lemma subdivided_K4_zero_forcing:
  assumes zf: "zf_process V E P xs"
    and sym: "\<And>u v. E u v \<longleftrightarrow> E v u"
    and in_V: "{s, a, b, c, e} \<subseteq> V"
    and distinct: "distinct [s, a, b, c, e]"
    and Na: "\<And>w. E a w \<longleftrightarrow> w \<in> {s, c, e}"
    and Nb: "\<And>w. E b w \<longleftrightarrow> w \<in> {s, c, e}"
    and Nc: "\<And>w. E c w \<longleftrightarrow> w \<in> {a, b, e}"
    and Ne: "\<And>w. E e w \<longleftrightarrow> w \<in> {a, b, c}"
  shows "2 \<le> card ({s, a, b, c, e} \<inter> P)"
    and "card ({s, a, b, c, e} \<inter> P) = 2 \<Longrightarrow>
           s \<notin> P \<and> (\<forall>(v, u) \<in> set xs. u = s \<longrightarrow> v \<notin> {s, a, b, c, e})"
proof -
  have "{a, b} \<inter> P \<noteq> {}"
    by (rule zf_process_meets_fort[OF zf]) (use in_V distinct sym Na Nb in auto)
  moreover have "{c, e} \<inter> P \<noteq> {}"
    by (rule zf_process_meets_fort[OF zf]) (use in_V distinct sym Nc Ne in auto)
  moreover have count: "card ({s, a, b, c, e} \<inter> P) =
      of_bool (s \<in> P) + of_bool (a \<in> P) + of_bool (b \<in> P) + of_bool (c \<in> P) + of_bool (e \<in> P)"
    using distinct by (simp add: Int_insert_left card_insert_if)
  ultimately show "2 \<le> card ({s, a, b, c, e} \<inter> P)" by auto
  assume "card ({s, a, b, c, e} \<inter> P) = 2"
  with count \<open>{a, b} \<inter> P \<noteq> {}\<close> \<open>{c, e} \<inter> P \<noteq> {}\<close>
  have "s \<notin> P" and "a \<in> P \<longleftrightarrow> b \<notin> P" and "c \<in> P \<longleftrightarrow> e \<notin> P" by auto
  moreover have "\<forall>(v, u) \<in> set xs. u = s \<longrightarrow> v \<notin> {s, a, b, c, e}"
  proof -
    \<comment> \<open>the four cases differ only by the symmetries a \<leftrightarrow> b and c \<leftrightarrow> e of the gadget\<close>
    have Nc': "\<And>w. E c w \<longleftrightarrow> w \<in> {b, a, e}" and Ne': "\<And>w. E e w \<longleftrightarrow> w \<in> {b, a, c}"
      using Nc Ne by (simp_all add: insert_commute)
    have Na': "\<And>w. E a w \<longleftrightarrow> w \<in> {s, e, c}" and Nb': "\<And>w. E b w \<longleftrightarrow> w \<in> {s, e, c}"
      using Na Nb by (simp_all add: insert_commute)
    have swap_ab: "{s, b, a, c, e} = {s, a, b, c, e}" and swap_ce: "{s, a, b, e, c} = {s, a, b, c, e}"
      and swap_both: "{s, b, a, e, c} = {s, a, b, c, e}" by auto
    consider "{s, a, c} \<inter> P = {}" | "{s, b, c} \<inter> P = {}" | "{s, a, e} \<inter> P = {}" | "{s, b, e} \<inter> P = {}"
      using \<open>s \<notin> P\<close> \<open>a \<in> P \<longleftrightarrow> b \<notin> P\<close> \<open>c \<in> P \<longleftrightarrow> e \<notin> P\<close> by blast
    then show ?thesis
    proof cases
      case 1
      show ?thesis by (rule subdivided_K4_tight[OF zf sym _ distinct Na Nb Nc Ne 1]) (use in_V in auto)
    next
      case 2
      show ?thesis using subdivided_K4_tight[OF zf sym _ _ Nb Na Nc' Ne' 2] in_V distinct swap_ab by auto
    next
      case 3
      show ?thesis using subdivided_K4_tight[OF zf sym _ _ Na' Nb' Ne Nc 3] in_V distinct swap_ce
        by (auto simp: insert_commute)
    next
      case 4
      show ?thesis using subdivided_K4_tight[OF zf sym _ _ Nb' Na' Ne' Nc' 4] in_V distinct swap_both
        by (auto simp: insert_commute)
    qed
  qed
  ultimately show "s \<notin> P \<and> (\<forall>(v, u) \<in> set xs. u = s \<longrightarrow> v \<notin> {s, a, b, c, e})" by blast
qed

━━━━━━━━━━

In full and without alteration, repeat the records.

(OUTPUT FOR THIS TASK):
lemma subdivided_K4_zero_forcing:
  assumes zf: "zf_process V E P xs"
    and sym: "\<And>u v. E u v \<longleftrightarrow> E v u"
    and in_V: "{s, a, b, c, e} \<subseteq> V"
    and distinct: "distinct [s, a, b, c, e]"
    and Na: "\<And>w. E a w \<longleftrightarrow> w \<in> {s, c, e}"
    and Nb: "\<And>w. E b w \<longleftrightarrow> w \<in> {s, c, e}"
    and Nc: "\<And>w. E c w \<longleftrightarrow> w \<in> {a, b, e}"
    and Ne: "\<And>w. E e w \<longleftrightarrow> w \<in> {a, b, c}"
  shows "2 \<le> card ({s, a, b, c, e} \<inter> P)"
    and "card ({s, a, b, c, e} \<inter> P) = 2 \<Longrightarrow>
           s \<notin> P \<and> (\<forall>(v, u) \<in> set xs. u = s \<longrightarrow> v \<notin> {s, a, b, c, e})"
proof -
  have "{a, b} \<inter> P \<noteq> {}"
    by (rule zf_process_meets_fort[OF zf]) (use in_V distinct sym Na Nb in auto)
  moreover have "{c, e} \<inter> P \<noteq> {}"
    by (rule zf_process_meets_fort[OF zf]) (use in_V distinct sym Nc Ne in auto)
  moreover have count: "card ({s, a, b, c, e} \<inter> P) =
      of_bool (s \<in> P) + of_bool (a \<in> P) + of_bool (b \<in> P) + of_bool (c \<in> P) + of_bool (e \<in> P)"
    using distinct by (simp add: Int_insert_left card_insert_if)
  ultimately show "2 \<le> card ({s, a, b, c, e} \<inter> P)" by auto
  assume "card ({s, a, b, c, e} \<inter> P) = 2"
  with count \<open>{a, b} \<inter> P \<noteq> {}\<close> \<open>{c, e} \<inter> P \<noteq> {}\<close>
  have "s \<notin> P" and "a \<in> P \<longleftrightarrow> b \<notin> P" and "c \<in> P \<longleftrightarrow> e \<notin> P" by auto
  moreover have "\<forall>(v, u) \<in> set xs. u = s \<longrightarrow> v \<notin> {s, a, b, c, e}"
  proof -
    \<comment> \<open>the four cases differ only by the symmetries a \<leftrightarrow> b and c \<leftrightarrow> e of the gadget\<close>
    have Nc': "\<And>w. E c w \<longleftrightarrow> w \<in> {b, a, e}" and Ne': "\<And>w. E e w \<longleftrightarrow> w \<in> {b, a, c}"
      using Nc Ne by (simp_all add: insert_commute)
    have Na': "\<And>w. E a w \<longleftrightarrow> w \<in> {s, e, c}" and Nb': "\<And>w. E b w \<longleftrightarrow> w \<in> {s, e, c}"
      using Na Nb by (simp_all add: insert_commute)
    have swap_ab: "{s, b, a, c, e} = {s, a, b, c, e}" and swap_ce: "{s, a, b, e, c} = {s, a, b, c, e}"
      and swap_both: "{s, b, a, e, c} = {s, a, b, c, e}" by auto
    consider "{s, a, c} \<inter> P = {}" | "{s, b, c} \<inter> P = {}" | "{s, a, e} \<inter> P = {}" | "{s, b, e} \<inter> P = {}"
      using \<open>s \<notin> P\<close> \<open>a \<in> P \<longleftrightarrow> b \<notin> P\<close> \<open>c \<in> P \<longleftrightarrow> e \<notin> P\<close> by blast
    then show ?thesis
    proof cases
      case 1
      show ?thesis by (rule subdivided_K4_tight[OF zf sym _ distinct Na Nb Nc Ne 1]) (use in_V in auto)
    next
      case 2
      show ?thesis using subdivided_K4_tight[OF zf sym _ _ Nb Na Nc' Ne' 2] in_V distinct swap_ab by auto
    next
      case 3
      show ?thesis using subdivided_K4_tight[OF zf sym _ _ Na' Nb' Ne Nc 3] in_V distinct swap_ce
        by (auto simp: insert_commute)
    next
      case 4
      show ?thesis using subdivided_K4_tight[OF zf sym _ _ Nb' Na' Ne' Nc' 4] in_V distinct swap_both
        by (auto simp: insert_commute)
    qed
  qed
  ultimately show "s \<notin> P \<and> (\<forall>(v, u) \<in> set xs. u = s \<longrightarrow> v \<notin> {s, a, b, c, e})" by blast
qed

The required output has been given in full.